** Description of the task **
Every entry must be reproduced word for word.

** Supplied records **
- Opening Delimiter -
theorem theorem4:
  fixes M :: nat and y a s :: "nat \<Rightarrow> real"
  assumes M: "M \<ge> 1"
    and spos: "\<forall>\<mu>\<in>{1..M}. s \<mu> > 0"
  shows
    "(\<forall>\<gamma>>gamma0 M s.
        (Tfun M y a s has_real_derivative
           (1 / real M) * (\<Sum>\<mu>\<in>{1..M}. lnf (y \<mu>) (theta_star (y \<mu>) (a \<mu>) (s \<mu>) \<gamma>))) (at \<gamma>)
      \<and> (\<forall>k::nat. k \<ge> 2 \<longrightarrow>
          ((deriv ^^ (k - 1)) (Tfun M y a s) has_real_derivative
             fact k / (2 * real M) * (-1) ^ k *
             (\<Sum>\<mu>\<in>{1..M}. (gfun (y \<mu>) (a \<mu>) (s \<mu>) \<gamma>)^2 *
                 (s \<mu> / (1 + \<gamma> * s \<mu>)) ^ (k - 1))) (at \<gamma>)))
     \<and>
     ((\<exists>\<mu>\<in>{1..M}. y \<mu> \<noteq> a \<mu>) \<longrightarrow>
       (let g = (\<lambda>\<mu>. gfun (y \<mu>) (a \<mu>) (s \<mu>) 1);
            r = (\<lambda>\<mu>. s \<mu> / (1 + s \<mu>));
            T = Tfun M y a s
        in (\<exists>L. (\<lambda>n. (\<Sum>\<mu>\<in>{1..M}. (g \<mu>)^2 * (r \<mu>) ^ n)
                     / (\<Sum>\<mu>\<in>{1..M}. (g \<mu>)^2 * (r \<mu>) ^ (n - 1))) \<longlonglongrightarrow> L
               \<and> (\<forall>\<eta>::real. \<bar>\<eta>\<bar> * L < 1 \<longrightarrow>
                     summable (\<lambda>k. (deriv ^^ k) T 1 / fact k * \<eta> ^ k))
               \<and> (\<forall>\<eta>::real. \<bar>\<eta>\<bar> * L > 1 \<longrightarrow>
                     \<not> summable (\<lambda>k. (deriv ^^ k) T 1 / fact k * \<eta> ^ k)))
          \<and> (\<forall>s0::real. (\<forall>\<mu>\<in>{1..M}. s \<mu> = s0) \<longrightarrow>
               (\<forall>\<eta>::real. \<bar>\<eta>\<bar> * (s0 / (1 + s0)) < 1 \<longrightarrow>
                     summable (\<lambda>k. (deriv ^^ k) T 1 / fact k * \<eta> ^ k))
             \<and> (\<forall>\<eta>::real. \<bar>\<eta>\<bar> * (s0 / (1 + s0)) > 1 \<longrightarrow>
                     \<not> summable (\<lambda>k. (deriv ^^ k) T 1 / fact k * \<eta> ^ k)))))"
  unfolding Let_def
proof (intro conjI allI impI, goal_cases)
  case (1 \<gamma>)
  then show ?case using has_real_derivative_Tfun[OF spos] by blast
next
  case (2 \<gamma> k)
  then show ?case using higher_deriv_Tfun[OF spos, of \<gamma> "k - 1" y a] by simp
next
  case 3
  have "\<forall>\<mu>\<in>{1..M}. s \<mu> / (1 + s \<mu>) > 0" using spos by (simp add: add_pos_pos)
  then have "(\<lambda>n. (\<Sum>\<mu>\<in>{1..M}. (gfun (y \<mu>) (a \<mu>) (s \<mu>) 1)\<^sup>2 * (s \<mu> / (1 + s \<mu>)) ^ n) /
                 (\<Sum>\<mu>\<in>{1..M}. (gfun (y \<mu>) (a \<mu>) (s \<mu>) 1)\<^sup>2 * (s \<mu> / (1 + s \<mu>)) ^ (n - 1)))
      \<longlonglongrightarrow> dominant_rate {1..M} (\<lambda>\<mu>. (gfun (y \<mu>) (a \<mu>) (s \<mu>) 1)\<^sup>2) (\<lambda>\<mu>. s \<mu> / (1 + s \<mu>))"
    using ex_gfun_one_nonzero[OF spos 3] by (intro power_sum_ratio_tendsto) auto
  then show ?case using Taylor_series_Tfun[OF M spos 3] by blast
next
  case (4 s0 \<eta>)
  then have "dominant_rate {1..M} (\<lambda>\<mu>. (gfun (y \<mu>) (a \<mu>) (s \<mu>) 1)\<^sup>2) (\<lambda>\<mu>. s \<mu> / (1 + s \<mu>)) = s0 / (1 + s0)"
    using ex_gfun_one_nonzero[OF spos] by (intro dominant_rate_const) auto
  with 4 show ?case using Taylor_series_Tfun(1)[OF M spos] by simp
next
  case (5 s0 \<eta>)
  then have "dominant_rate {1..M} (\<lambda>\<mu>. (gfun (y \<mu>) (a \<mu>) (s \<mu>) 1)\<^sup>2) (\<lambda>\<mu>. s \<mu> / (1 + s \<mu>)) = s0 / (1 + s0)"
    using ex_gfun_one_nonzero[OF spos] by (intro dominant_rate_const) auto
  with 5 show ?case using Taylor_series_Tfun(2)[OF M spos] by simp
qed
- Closing Delimiter -
** Task output **
theorem theorem4:
  fixes M :: nat and y a s :: "nat \<Rightarrow> real"
  assumes M: "M \<ge> 1"
    and spos: "\<forall>\<mu>\<in>{1..M}. s \<mu> > 0"
  shows
    "(\<forall>\<gamma>>gamma0 M s.
        (Tfun M y a s has_real_derivative
           (1 / real M) * (\<Sum>\<mu>\<in>{1..M}. lnf (y \<mu>) (theta_star (y \<mu>) (a \<mu>) (s \<mu>) \<gamma>))) (at \<gamma>)
      \<and> (\<forall>k::nat. k \<ge> 2 \<longrightarrow>
          ((deriv ^^ (k - 1)) (Tfun M y a s) has_real_derivative
             fact k / (2 * real M) * (-1) ^ k *
             (\<Sum>\<mu>\<in>{1..M}. (gfun (y \<mu>) (a \<mu>) (s \<mu>) \<gamma>)^2 *
                 (s \<mu> / (1 + \<gamma> * s \<mu>)) ^ (k - 1))) (at \<gamma>)))
     \<and>
     ((\<exists>\<mu>\<in>{1..M}. y \<mu> \<noteq> a \<mu>) \<longrightarrow>
       (let g = (\<lambda>\<mu>. gfun (y \<mu>) (a \<mu>) (s \<mu>) 1);
            r = (\<lambda>\<mu>. s \<mu> / (1 + s \<mu>));
            T = Tfun M y a s
        in (\<exists>L. (\<lambda>n. (\<Sum>\<mu>\<in>{1..M}. (g \<mu>)^2 * (r \<mu>) ^ n)
                     / (\<Sum>\<mu>\<in>{1..M}. (g \<mu>)^2 * (r \<mu>) ^ (n - 1))) \<longlonglongrightarrow> L
               \<and> (\<forall>\<eta>::real. \<bar>\<eta>\<bar> * L < 1 \<longrightarrow>
                     summable (\<lambda>k. (deriv ^^ k) T 1 / fact k * \<eta> ^ k))
               \<and> (\<forall>\<eta>::real. \<bar>\<eta>\<bar> * L > 1 \<longrightarrow>
                     \<not> summable (\<lambda>k. (deriv ^^ k) T 1 / fact k * \<eta> ^ k)))
          \<and> (\<forall>s0::real. (\<forall>\<mu>\<in>{1..M}. s \<mu> = s0) \<longrightarrow>
               (\<forall>\<eta>::real. \<bar>\<eta>\<bar> * (s0 / (1 + s0)) < 1 \<longrightarrow>
                     summable (\<lambda>k. (deriv ^^ k) T 1 / fact k * \<eta> ^ k))
             \<and> (\<forall>\<eta>::real. \<bar>\<eta>\<bar> * (s0 / (1 + s0)) > 1 \<longrightarrow>
                     \<not> summable (\<lambda>k. (deriv ^^ k) T 1 / fact k * \<eta> ^ k)))))"
  unfolding Let_def
proof (intro conjI allI impI, goal_cases)
  case (1 \<gamma>)
  then show ?case using has_real_derivative_Tfun[OF spos] by blast
next
  case (2 \<gamma> k)
  then show ?case using higher_deriv_Tfun[OF spos, of \<gamma> "k - 1" y a] by simp
next
  case 3
  have "\<forall>\<mu>\<in>{1..M}. s \<mu> / (1 + s \<mu>) > 0" using spos by (simp add: add_pos_pos)
  then have "(\<lambda>n. (\<Sum>\<mu>\<in>{1..M}. (gfun (y \<mu>) (a \<mu>) (s \<mu>) 1)\<^sup>2 * (s \<mu> / (1 + s \<mu>)) ^ n) /
                 (\<Sum>\<mu>\<in>{1..M}. (gfun (y \<mu>) (a \<mu>) (s \<mu>) 1)\<^sup>2 * (s \<mu> / (1 + s \<mu>)) ^ (n - 1)))
      \<longlonglongrightarrow> dominant_rate {1..M} (\<lambda>\<mu>. (gfun (y \<mu>) (a \<mu>) (s \<mu>) 1)\<^sup>2) (\<lambda>\<mu>. s \<mu> / (1 + s \<mu>))"
    using ex_gfun_one_nonzero[OF spos 3] by (intro power_sum_ratio_tendsto) auto
  then show ?case using Taylor_series_Tfun[OF M spos 3] by blast
next
  case (4 s0 \<eta>)
  then have "dominant_rate {1..M} (\<lambda>\<mu>. (gfun (y \<mu>) (a \<mu>) (s \<mu>) 1)\<^sup>2) (\<lambda>\<mu>. s \<mu> / (1 + s \<mu>)) = s0 / (1 + s0)"
    using ex_gfun_one_nonzero[OF spos] by (intro dominant_rate_const) auto
  with 4 show ?case using Taylor_series_Tfun(1)[OF M spos] by simp
next
  case (5 s0 \<eta>)
  then have "dominant_rate {1..M} (\<lambda>\<mu>. (gfun (y \<mu>) (a \<mu>) (s \<mu>) 1)\<^sup>2) (\<lambda>\<mu>. s \<mu> / (1 + s \<mu>)) = s0 / (1 + s0)"
    using ex_gfun_one_nonzero[OF spos] by (intro dominant_rate_const) auto
  with 5 show ?case using Taylor_series_Tfun(2)[OF M spos] by simp
qed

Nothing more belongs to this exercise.